Stored items
lemma log_convex_seq_power_le:
  fixes \<nu> :: "nat \<Rightarrow> real"
  assumes nonneg: "\<And>j. 0 \<le> \<nu> j"
    and log_convex: "\<And>j. (\<nu> (Suc j))\<^sup>2 \<le> \<nu> j * \<nu> (Suc (Suc j))"
  shows "\<nu> 1 ^ j * \<nu> 0 \<le> \<nu> 0 ^ j * \<nu> j"
proof -
  have ratio: "\<nu> 1 * \<nu> j \<le> \<nu> 0 * \<nu> (Suc j)" for j
  proof (induction j)
    case (Suc j)
    show ?case
    proof (cases "\<nu> j = 0")
      case True
      then have "\<nu> (Suc j) = 0" using log_convex[of j] by simp
      then show ?thesis using nonneg by simp
    next
      case False
      then have "0 < \<nu> j" using nonneg[of j] by simp
      have "\<nu> j * (\<nu> 1 * \<nu> (Suc j)) = (\<nu> 1 * \<nu> j) * \<nu> (Suc j)" by (simp add: mult_ac)
      also have "\<dots> \<le> (\<nu> 0 * \<nu> (Suc j)) * \<nu> (Suc j)"
        using Suc.IH nonneg by (rule mult_right_mono)
      also have "\<dots> \<le> \<nu> 0 * (\<nu> j * \<nu> (Suc (Suc j)))"
        using log_convex[of j] nonneg by (simp add: power2_eq_square mult.assoc mult_left_mono)
      finally show ?thesis using \<open>0 < \<nu> j\<close> by (simp add: mult.left_commute)
    qed
  qed (simp add: mult.commute)
  show ?thesis
  proof (induction j)
    case (Suc j)
    have "\<nu> 1 ^ Suc j * \<nu> 0 \<le> \<nu> 1 * (\<nu> 0 ^ j * \<nu> j)"
      using Suc.IH nonneg by (simp add: mult_left_mono mult.assoc)
    also have "\<dots> = \<nu> 0 ^ j * (\<nu> 1 * \<nu> j)" by (simp add: mult_ac)
    also have "\<dots> \<le> \<nu> 0 ^ j * (\<nu> 0 * \<nu> (Suc j))"
      using ratio[of j] nonneg by (simp add: mult_left_mono)
    finally show ?case by (simp add: mult_ac)
  qed simp
qed

lemma log_convex_seq_le_powr:
  fixes \<nu> :: "nat \<Rightarrow> real" and k :: nat
  assumes nonneg: "\<And>j. 0 \<le> \<nu> j"
    and log_convex: "\<And>j. (\<nu> (Suc j))\<^sup>2 \<le> \<nu> j * \<nu> (Suc (Suc j))"
    and "0 < k" and first: "(\<nu> 0)\<^sup>2 \<le> \<nu> 1" and last: "\<nu> k \<le> \<nu> 0 * c"
  shows "\<nu> 0 \<le> c powr (1 / k)"
proof (cases "\<nu> 0 = 0")
  case False
  then have "0 < \<nu> 0" using nonneg[of 0] by simp
  have "\<nu> 0 ^ k * (\<nu> 0 ^ k * \<nu> 0) = ((\<nu> 0)\<^sup>2) ^ k * \<nu> 0"
    by (simp add: power_mult_distrib power2_eq_square)
  also have "\<dots> \<le> \<nu> 1 ^ k * \<nu> 0"
    using first \<open>0 < \<nu> 0\<close> by (simp add: power_mono)
  also have "\<dots> \<le> \<nu> 0 ^ k * \<nu> k" by (intro log_convex_seq_power_le nonneg log_convex)
  also have "\<dots> \<le> \<nu> 0 ^ k * (\<nu> 0 * c)" using last nonneg by (simp add: mult_left_mono)
  finally have "\<nu> 0 ^ k \<le> c" using \<open>0 < \<nu> 0\<close> by (simp add: mult.commute)
  then have "(\<nu> 0 ^ k) powr (1 / k) \<le> c powr (1 / k)"
    using \<open>0 < \<nu> 0\<close> by (intro powr_mono2) simp_all
  then show ?thesis
    using \<open>0 < \<nu> 0\<close> \<open>0 < k\<close> by (simp add: powr_realpow[symmetric] powr_powr)
qed simp

text \<open>The norm of the j-th vector of w, M^T w, M M^T w, M^T M M^T w, \<dots>\<close>

definition krylov_norm :: "nat \<Rightarrow> nat \<Rightarrow> rmat \<Rightarrow> (nat \<Rightarrow> real) \<Rightarrow> nat \<Rightarrow> real" where
  "krylov_norm m n M w j =
    (let v = mvmul m (mpow m (mmul n M (mtrans M)) (j div 2)) w
     in if even j then vnorm m v else vnorm n (mvmul m (mtrans M) v))"
(* In the full-information setting, run Gaptron with gap map $a(\mathbf W_t,\mathbf x_t)=1-\mathbb 1[p_t^\star\ge 0.5]\,p_t^\star$, learning rate $\eta=\frac{\ln 2}{2KX^2}$, exploration rate $\gamma=0$, and the logistic loss $\ell_t(\mathbf W)=-\log_2\sigma(\mathbf W,\mathbf x_t,y_t)$. Then for every $\mathbf U\in\mathcal W$, $$\mathbb E\Big[\sum_{t=1}^T\mathbb 1[y'_t\ne y_t]\Big]\le\sum_{t=1}^T\ell_t(\mathbf U)+\frac{KX^2\|\mathbf U\|^2}{\ln 2}.$$
   Context: Setting and notation. Fix integers $K\ge 2$, $d\ge1$, $T\ge1$ and reals $X>0$, $D>0$. Matrices $\mathbf W\in\mathbb{R}^{K\times d}$ have rows $\mathbf W^1,\dots,\mathbf W^K\in\mathbb{R}^d$ and are identified with vectors in $\mathbb{R}^{Kd}$; $\langle\cdot,\cdot\rangle$ is the Euclidean inner product and $\|\cdot\|$ the Euclidean (Frobenius) norm. $\mathcal W=\{\mathbf W:\|\mathbf W\|\le D\}$. $\mathbf e_k$ is the $k$-th standard basis vector of $\mathbb R^K$ and $\mathbf 1\in\mathbb R^K$ the all-ones vector. In each round $t=1,\dots,T$ the environment chooses a label $y_t\in\{1,\dots,K\}$ and a feature vector $\mathbf x_t\in\mathbb R^d$ with $\|\mathbf x_t\|\le X$ (possibly depending on the learner's past predictions $y'_1,\dots,y'_{t-1}$ but not on its current random draw); the learner sees $\mathbf x_t$, outputs a random label $y'_t$, and then observes $y_t$ (full-information setting) or only $\mathbb 1[y'_t\ne y_t]$ (bandit setting). Gaptron, with learning rate $\eta>0$, exploration rate $\gamma\in[0,1]$, gap map $a:\mathbb R^{K\times d}\times\mathbb R^d\to[0,1]$ and loss functions $\ell_t$: set $\mathbf W_1=\mathbf 0$; for $t=1,\dots,T$: let $y_t^\star=\arg\max_k\langle \mathbf W_t^k,\mathbf x_t\rangle$ (ties broken arbitrarily), $a_t=a(\mathbf W_t,\mathbf x_t)$, $\mathbf p'_t=(1-\max\{a_t,\gamma\})\mathbf e_{y_t^\star}+\max\{a_t,\gamma\}\frac1K\mathbf 1$; draw $y'_t\sim\mathbf p'_t$ ($p'_t(k)$ denotes the probability of label $k$); set $\mathbf g_t=\nabla\ell_t(\mathbf W_t)$; update $\mathbf W_{t+1}=\arg\min_{\mathbf W\in\mathcal W}\ \eta\langle\mathbf g_t,\mathbf W\rangle+\frac12\|\mathbf W-\mathbf W_t\|^2$. $\mathbb E$ denotes expectation over the learner's randomization. Softmax: $\sigma(\mathbf W,\mathbf x,k)=\exp(\langle\mathbf W^k,\mathbf x\rangle)/\sum_{j=1}^K\exp(\langle\mathbf W^j,\mathbf x\rangle)$, and $p_t^\star=\max_k\sigma(\mathbf W_t,\mathbf x_t,k)$. *)

theory Defs
  imports "HOL-Analysis.Analysis"
begin
(* Let $\varphi : X\to X$ be a morphism in $\mathscr{C}$ with kernel $\kappa : K\to X$ and cokernel $\lambda : X\to L$. The following are equivalent: (1) $\varphi$ is both core invertible and dual core invertible; (2) $\varphi$ is both Moore–Penrose invertible and group invertible; (3) $\varphi$ is regular and $\kappa\lambda : K\to L$, $\kappa\kappa^{*} : K\to K$ and $\lambda^{*}\lambda : L\to L$ are all invertible. In this case, for every $\psi : X\to X$ with $\varphi\psi\varphi=\varphi$, $$\varphi^{\dagger}=[1_X-\lambda(\lambda^{*}\lambda)^{-1}\lambda^{*}]\psi[1_X-\kappa^{*}(\kappa\kappa^{*})^{-1}\kappa],$$ $$\varphi^{\#}=[1_X-\lambda(\kappa\lambda)^{-1}\kappa]\psi[1_X-\lambda(\kappa\lambda)^{-1}\kappa],$$ $$\varphi^{\mathrm{core}}=[1_X-\lambda(\kappa\lambda)^{-1}\kappa]\psi[1_X-\kappa^{*}(\kappa\kappa^{*})^{-1}\kappa],$$ $$\varphi_{\mathrm{core}}=[1_X-\lambda(\lambda^{*}\lambda)^{-1}\lambda^{*}]\psi[1_X-\lambda(\kappa\lambda)^{-1}\kappa].$$
   Context: $\mathscr{C}$ is an additive category with an involution $*$: a map on morphisms sending $\varphi : X\to Y$ to $\varphi^* : Y \to X$ such that $(\varphi^* )^*=\varphi$, $(\varphi\psi)^*=\psi^*\varphi^*$ and $(\varphi+\phi)^*=\varphi^*+\phi^*$. Composition is written left to right: for $\varphi : X\to Y$ and $\psi : Y\to Z$, $\varphi\psi : X \to Z$ means "first $\varphi$, then $\psi$". A kernel of $\varphi : X\to Y$ is a morphism $\kappa : K\to X$ with $\kappa\varphi=0$ such that every $\alpha : M\to X$ with $\alpha\varphi=0$ factors uniquely as $\alpha=\alpha'\kappa$. A cokernel of $\varphi$ is a morphism $\lambda : Y\to L$ with $\varphi\lambda=0$ such that every $\beta : Y\to M$ with $\varphi\beta=0$ factors uniquely as $\beta=\lambda\beta'$. $\varphi$ is regular if there is $\chi$ with $\varphi\chi\varphi=\varphi$. A morphism is invertible if it has a two-sided inverse. For $\varphi : X\to X$ the following are defined. - The Moore–Penrose inverse $\varphi^\dagger$ is the unique $\chi$ with $\varphi\chi\varphi=\varphi$, $\chi\varphi\chi=\chi$, $(\varphi\chi)^*=\varphi\chi$ and $(\chi\varphi)^*=\chi\varphi$. - The group inverse $\varphi^{\#}$ is the unique $\chi$ with $\varphi\chi\varphi=\varphi$, $\chi\varphi\chi=\chi$ and $\varphi\chi=\chi\varphi$. - The core inverse $\varphi^{\mathrm{core}}$ is the unique $\chi$ with $(\varphi\chi)^*=\varphi\chi$, $\varphi\chi^2=\chi$ and $\chi\varphi^2=\varphi$. - The dual core inverse $\varphi_{\mathrm{core}}$ is the unique $\chi$ with $(\chi\varphi)^*=\chi\varphi$, $\chi^2\varphi=\chi$ and $\varphi^2\chi=\varphi$. *)

theory Defs
  imports Main
begin

text \<open>An additive category with involution, with composition written left to right:
  cmp f g means "first f, then g".  Objects of type 'o, morphisms of type 'm.\<close>

record ('o, 'm) icat =
  Ob   :: "'o set"
  Mor  :: "'m set"
  Dom  :: "'m \<Rightarrow> 'o"
  Cod  :: "'m \<Rightarrow> 'o"
  cmp  :: "'m \<Rightarrow> 'm \<Rightarrow> 'm"
  idt  :: "'o \<Rightarrow> 'm"
  pls  :: "'m \<Rightarrow> 'm \<Rightarrow> 'm"
  ngt  :: "'m \<Rightarrow> 'm"
  zro  :: "'o \<Rightarrow> 'o \<Rightarrow> 'm"
  str  :: "'m \<Rightarrow> 'm"

definition Hom :: "('o, 'm, 'x) icat_scheme \<Rightarrow> 'o \<Rightarrow> 'o \<Rightarrow> 'm set" where
  "Hom C X Y = {f \<in> Mor C. Dom C f = X \<and> Cod C f = Y}"

definition mns :: "('o, 'm, 'x) icat_scheme \<Rightarrow> 'm \<Rightarrow> 'm \<Rightarrow> 'm" where
  "mns C f g = pls C f (ngt C g)"

definition is_zero_object :: "('o, 'm, 'x) icat_scheme \<Rightarrow> 'o \<Rightarrow> bool" where
  "is_zero_object C Z \<longleftrightarrow> Z \<in> Ob C \<and>
     (\<forall>X\<in>Ob C. (\<exists>!f. f \<in> Hom C Z X) \<and> (\<exists>!f. f \<in> Hom C X Z))"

* EXERCISE REQUIREMENTS
What you return should be exactly the lines above, starting at the one with "0 ^ k) powr" and ending at the one with "text \<open>The norm", and nothing else.

* TASK SOLUTION
  then have "(\<nu> 0 ^ k) powr (1 / k) \<le> c powr (1 / k)"
    using \<open>0 < \<nu> 0\<close> by (intro powr_mono2) simp_all
  then show ?thesis
    using \<open>0 < \<nu> 0\<close> \<open>0 < k\<close> by (simp add: powr_realpow[symmetric] powr_powr)
qed simp

text \<open>The norm of the j-th vector of w, M^T w, M M^T w, M^T M M^T w, \<dots>\<close>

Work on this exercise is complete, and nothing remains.